Stored dataset items
□ □ □ □ □ □ □

(* Let $G$ be a finite graph obtained by the following growth process. Start from a complete graph $K_{n_0}$ with $n_0\ge 2$ (the initial simplex). At each step, choose an integer $n\ge 2$, choose one of the previously added simplexes $\sigma$ (each simplex being the vertex set of a complete subgraph added at an earlier step, or the initial one), and choose a nonempty subset $S\subseteq\sigma$ with $1\le |S|\le n-1$ (a face of $\sigma$). Then add $n-|S|$ new vertices to the graph, and add edges so that $S$ together with the new vertices induces a complete graph $K_n$; this $K_n$ is recorded as a newly added simplex. No other edges are added. Then $G$ is connected and $\delta(G)\le 1$, i.e. for every four vertices $A,B,C,D$ of $G$ labelled so that $d(A,B)+d(C,D)\le d(A,C)+d(B,D)\le d(A,D)+d(B,C)$ one has $$\frac{\big(d(A,D)+d(B,C)\big)-\big(d(A,C)+d(B,D)\big)}{2}\le 1 .$$ In particular this holds regardless of whether some edges of the attached simplexes are marked as "defect" edges (the marking only changes which faces may be chosen, not the resulting graph).
   Context: $d(U,V)$ denotes the shortest-path (graph) distance between vertices $U,V$ of $G$. The (Gromov four-point) hyperbolicity parameter $\delta(G)$ of a connected graph $G$ is the maximum, over all quadruples of vertices $A,B,C,D$, of $(\mathcal L-\mathcal M)/2$, where $\mathcal L$ is the largest and $\mathcal M$ the middle of the three sums $d(A,B)+d(C,D)$, $d(A,C)+d(B,D)$, $d(A,D)+d(B,C)$. A simplex of order $q_{max}=n-1$ is a complete graph on $n$ vertices; a face of order $q$ of a simplex is a complete subgraph on $q+1$ of its vertices. *)

theory Defs
  imports Complex_Main
begin

text \<open>A graph is given by a vertex set V and a symmetric irreflexive adjacency relation E.
  The growth process records the graph together with the family of simplexes added so far.\<close>

inductive simplex_growth :: "'a set \<Rightarrow> ('a \<Rightarrow> 'a \<Rightarrow> bool) \<Rightarrow> 'a set set \<Rightarrow> bool" where
  init: "finite V0 \<Longrightarrow> card V0 \<ge> 2 \<Longrightarrow>
         simplex_growth V0 (\<lambda>x y. x \<in> V0 \<and> y \<in> V0 \<and> x \<noteq> y) {V0}"
| step: "simplex_growth V E Sig \<Longrightarrow> \<sigma> \<in> Sig \<Longrightarrow> S \<subseteq> \<sigma> \<Longrightarrow>
         (n::nat) \<ge> 2 \<Longrightarrow> 1 \<le> card S \<Longrightarrow> card S \<le> n - 1 \<Longrightarrow>
         finite N \<Longrightarrow> N \<inter> V = {} \<Longrightarrow> card N = n - card S \<Longrightarrow>
         simplex_growth (V \<union> N)
           (\<lambda>x y. E x y \<or> (x \<in> S \<union> N \<and> y \<in> S \<union> N \<and> x \<noteq> y))
           (insert (S \<union> N) Sig)"

definition is_walk :: "('a \<Rightarrow> 'a \<Rightarrow> bool) \<Rightarrow> 'a list \<Rightarrow> bool" where
  "is_walk E p \<longleftrightarrow> p \<noteq> [] \<and> (\<forall>i. Suc i < length p \<longrightarrow> E (p ! i) (p ! Suc i))"

definition connected_graph :: "'a set \<Rightarrow> ('a \<Rightarrow> 'a \<Rightarrow> bool) \<Rightarrow> bool" where
  "connected_graph V E \<longleftrightarrow>
     (\<forall>x\<in>V. \<forall>y\<in>V. \<exists>p. is_walk E p \<and> hd p = x \<and> last p = y)"

definition gdist :: "('a \<Rightarrow> 'a \<Rightarrow> bool) \<Rightarrow> 'a \<Rightarrow> 'a \<Rightarrow> nat" where
  "gdist E x y = (LEAST k. \<exists>p. is_walk E p \<and> hd p = x \<and> last p = y \<and> length p = Suc k)"

end

theory Submission
  imports Defs
begin

text \<open>Call X between two vertex sets P and Q if d(P, X) + d(Q, X) \<le> d(P, Q). The growth process
  preserves the following invariant: for any four faces of recorded simplexes, some clique lies
  between each face of one pair and each face of the other pair, for one of the three pairings.
  Applied to four vertices, with f = d(-, X), each of the three pair sums is at most the sum of the
  values of f plus 2 (walk through X), while the two cross sums of the separated pairing are at
  least that sum; so the largest pair sum exceeds the middle one by at most 2.

  When a simplex is attached along a face S, two faces inside the new simplex are separated by the
  new simplex itself. A single new face K looks, from the old vertices, like the old face K \<inter> S,
  or like S one step further away if K contains no old vertex; the invariant of the old graph
  applied to that face transfers.\<close>

inductive reachable_within :: "('a \<Rightarrow> 'a \<Rightarrow> bool) \<Rightarrow> nat \<Rightarrow> 'a \<Rightarrow> 'a \<Rightarrow> bool" for E where
  refl: "reachable_within E k x x"
| step: "E x z \<Longrightarrow> reachable_within E k z y \<Longrightarrow> reachable_within E (Suc k) x y"
lemma reachable_within_mono:
  "reachable_within E k x y \<Longrightarrow> k \<le> k' \<Longrightarrow> reachable_within E k' x y"
proof (induction arbitrary: k' rule: reachable_within.induct)
  case (refl k x)
  show ?case by (rule reachable_within.refl)
next
  case (step x z k y)
  then obtain k'' where "k' = Suc k''" "k \<le> k''" by (cases k') auto
  with step show ?case by (auto intro: reachable_within.step)
qed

□ □ □ □ □ □ □

* **Exercise**
Please return all lines from the records that hold the word "gdist".

* **Finished task**
definition gdist :: "('a \<Rightarrow> 'a \<Rightarrow> bool) \<Rightarrow> 'a \<Rightarrow> 'a \<Rightarrow> nat" where
  "gdist E x y = (LEAST k. \<exists>p. is_walk E p \<and> hd p = x \<and> last p = y \<and> length p = Suc k)"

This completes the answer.